If not, is it because the amounts are small enough not to worry or is it because you don’t believe that nitrite and nitrate are as evil as advertised (that is, that the studies that “proved” this are weak)?
I’m still waiting for one nitrate study to convince me they are harmful in the quantities most people consume them.
My wife Sarah is following this diet. She says she feels a lot better already, and she has been following it for only 30 days. She loves the Mediterranean diet food and she actually enjoys being on this diet.
She decided to start following it after reading ebook “Mediterranean diet weight loss results” on Amazon.
Here is her meal plan:
On Mondays she eats Greek yogurt with strawberries and oats for breakfast.
For lunch, she usually has whole grain sandwich with vegetables.
And when it comes to dinner, she often makes tuna salad; dressed in olive oil (she loves it). It’s really delicious.

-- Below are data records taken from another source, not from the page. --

(* Let $\lambda_1>\lambda_0>0$ and $a,b>0$ with $\lambda_1-\lambda_0>\frac1a+\frac1b$, and let $0<\alpha^*<b/a<\beta^*$ be the optimal stopping boundaries described in the context. Let $X$ be a Poisson process with $X_0=0$ which under the probability measure $\mathsf P_0$ has intensity $\lambda_0$, and set $L_t=\exp\{X_t\log(\lambda_1/\lambda_0)-(\lambda_1-\lambda_0)t\}$. For $\varphi>0$ define $\tau^*(\varphi)=\inf\{t\ge 0:\varphi L_t\notin(\alpha^*,\beta^* )\}$. Then: (1) for any $\varphi_0\in(\alpha^*,\beta^* )$, $\tau^*(\varphi)\to\tau^*(\varphi_0)$ $\mathsf P_0$-a.s. as $\varphi\to\varphi_0$; (2) $\tau^*(\varphi)\to 0$ $\mathsf P_0$-a.s. as $\varphi\downarrow\alpha^*$; (3) $\lim_{\varphi\uparrow\beta^*}\tau^*(\varphi)=\theta(\beta^* )$ $\mathsf P_0$-a.s., where $\theta(\beta^* ):=\inf\{t\ge0: L_t\notin(\alpha^*/\beta^*,1]\}$.
   Context: Setting: one observes a Poisson process $X$ whose intensity is $\lambda_0$ or $\lambda_1$ ($\lambda_1>\lambda_0>0$). $\mathsf P_0$ ($\mathsf E_0$) denotes the law (expectation) under which $X$ is Poisson with intensity $\lambda_0$, $X_0=0$; $\mathbb S$ is the set of stopping times of the natural filtration of $X$. For a prior parameter $\psi>0$ (prior probability $\psi/(1+\psi)$ of intensity $\lambda_1$) and $\tau\in\mathbb S$, the Bayes cost is $\bar J(\psi;\tau)=\frac{1}{1+\psi}\mathsf E_0\big[\int_0^\tau(1+\psi L_t)\,dt+(a\psi L_\tau)\wedge b\big]$. When $\lambda_1-\lambda_0>1/a+1/b$ there exist unique constants $0<\alpha^*<b/a<\beta^*$ (independent of $\psi$) such that for every $\psi>0$ the stopping time $\inf\{t\ge0:\psi L_t\notin(\alpha^*,\beta^* )\}$ minimizes $\bar J(\psi;\cdot)$ over $\mathbb S$; these are the $\alpha^*,\beta^*$ in the statement. *)

theory Defs
  imports "HOL-Probability.Probability"
begin
(* Let $R\subseteq S$, $\sigma$ be as in the context, $n=n_1+\cdots+n_\ell$. Let $\mathbf{a}=(a_1,\ldots,a_\ell)\in(S^* )^\ell$ and $\beta_{i,j}\in S$ ($1\le i\le\ell$, $1\le j\le n_i$) satisfy: (i) $a_i-a_j^\beta\in S^*$ for all $\beta\in S^*$ and $1\le i<j\le\ell$; (ii) for each $i$, $\beta_{i,1},\ldots,\beta_{i,n_i}$ are $R$-linearly independent. Let $b_{i,j}=\sigma(\beta_{i,j})a_i\beta_{i,j}^{-1}$. Fix $1\le k\le n-1$ and $t=\lfloor (n-k)/2\rfloor$. Let $\mathbf{c}\in\mathcal{C}_k(\mathbf{a},\boldsymbol\beta)$, let $\mathbf{e}\in S^n$ with ${\rm wt}_{SR}(\mathbf{e})\le t$, and $\mathbf{r}=\mathbf{c}+\mathbf{e}$. Write $c_{i,j},e_{i,j},r_{i,j}$ for the coordinates indexed by $(i,j)$. Let $F,G,H\in S[x;\sigma]$ be the unique skew polynomials of degree less than $n$ with $F(b_{i,j})=c_{i,j}\beta_{i,j}^{-1}$, $G(b_{i,j})=e_{i,j}\beta_{i,j}^{-1}$, $H(b_{i,j})=r_{i,j}\beta_{i,j}^{-1}$ for all $i,j$. Then there exists a non-zero monic $L\in S[x;\sigma]$ with $\deg(L)\le t$ such that $(LH)(b_{i,j})=(LF)(b_{i,j})$ for all $i,j$. In particular, there exist non-zero $L,Q\in S[x;\sigma]$ with $L$ monic, $\deg(L)\le t$, $\deg(Q)\le t+k-1$, and $(LH)(b_{i,j})=Q(b_{i,j})$ for all $1\le j\le n_i$, $1\le i\le\ell$.
   Context: $R$ is a finite commutative chain ring with maximal ideal $\mathfrak{m}$, $q=|R/\mathfrak{m}|$; $S=R[x]/(h)$ with $h$ monic of degree $m$ irreducible modulo $\mathfrak{m}$, local with maximal ideal $\mathfrak{M}=\mathfrak{m}S$ and unit group $S^*=S\setminus\mathfrak{M}$. $\sigma$ is a ring automorphism of $S$ generating the Galois group of $R\subseteq S$, with fixed ring $R$, reducing modulo $\mathfrak{M}$ to $y\mapsto y^q$. $S[x;\sigma]$ is the skew polynomial ring with $xa=\sigma(a)x$. Remainder evaluation: for $P\in S[x;\sigma]$ and $b\in S$, $P(b)$ is the unique $c\in S$ with $P=Q'(x-b)+c$ for some $Q'\in S[x;\sigma]$. For $a\in S$, $\beta\in S^*$: $a^\beta=\sigma(\beta)a\beta^{-1}$; $N_s(a)=\sigma^{s-1}(a)\cdots a$, $\mathcal{D}_a^s(\beta)=\sigma^s(\beta)N_s(a)$. The linearized Reed–Solomon code $\mathcal{C}_k(\mathbf{a},\boldsymbol\beta)\subseteq S^n$ is the $S$-row span of the $k\times n$ matrix with rows $s=0,\ldots,k-1$ and columns $(i,j)$ (ordered $(1,1),\ldots,(1,n_1),\ldots,(\ell,n_\ell)$), entry $\mathcal{D}_{a_i}^s(\beta_{i,j})$. Sum-rank weight: for $\mathbf{u}\in S^s$, ${\rm rk}(\mathbf{u})$ is the number of nonzero diagonal entries of the Smith normal form over $R$ of the $m\times s$ coordinate matrix of $\mathbf{u}$ in an $R$-basis of $S$; for $\mathbf{e}=(\mathbf{e}^{(1)},\ldots,\mathbf{e}^{(\ell)})$ with $\mathbf{e}^{(i)}\in S^{n_i}$, ${\rm wt}_{SR}(\mathbf{e})=\sum_i{\rm rk}(\mathbf{e}^{(i)})$. *)

theory Defs
  imports "HOL-Computational_Algebra.Polynomial"
begin

section \<open>Ring-theoretic setting: R a subring of the finite commutative ring S (the type)\<close>

definition subring_of :: "'a::comm_ring_1 set \<Rightarrow> bool" where
  "subring_of R \<longleftrightarrow> 0 \<in> R \<and> 1 \<in> R \<and> (\<forall>x\<in>R. \<forall>y\<in>R. x + y \<in> R \<and> x * y \<in> R \<and> - x \<in> R)"

definition ideal_of :: "'a::comm_ring_1 set \<Rightarrow> 'a set \<Rightarrow> bool" where
  "ideal_of R I \<longleftrightarrow> I \<subseteq> R \<and> 0 \<in> I \<and> (\<forall>x\<in>I. \<forall>y\<in>I. x + y \<in> I) \<and> (\<forall>r\<in>R. \<forall>x\<in>I. r * x \<in> I)"

definition chain_ring :: "'a::comm_ring_1 set \<Rightarrow> bool" where
  "chain_ring R \<longleftrightarrow> subring_of R \<and> (\<forall>I J. ideal_of R I \<longrightarrow> ideal_of R J \<longrightarrow> I \<subseteq> J \<or> J \<subseteq> I)"

definition max_ideal :: "'a::comm_ring_1 set \<Rightarrow> 'a set" where
  "max_ideal R = {x \<in> R. \<not> (\<exists>y\<in>R. x * y = 1)}"

definition res_card :: "'a::comm_ring_1 set \<Rightarrow> nat" where
  "res_card R = card ((\<lambda>x. {x + y |y. y \<in> max_ideal R}) ` R)"

definition ext_ideal :: "'a::comm_ring_1 set \<Rightarrow> 'a set" where
  "ext_ideal R = {x. \<exists>(N::nat) f g. (\<forall>i<N. f i \<in> max_ideal R) \<and> x = (\<Sum>i<N. f i * g i)}"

For a dessert she is allowed to take a piece of fruit.
I would like to bring your attention to the endogenous PPAR-alpha agonist- OEA (Oleoylethanolamide) which is implicated in weight loss in obese rats & other experimental animals. (PPAR-Alpha is the target receptor to treat hypercholesterolemia). RiduZone (www.riduzone.com) is the only FDA acknowledged supplement in the market which supplements OEA adequately & results in healthy weight loss.
If you’re wife is anything like mine, she would have told your daughter “Honey, your Daddy is already a nutcake!”.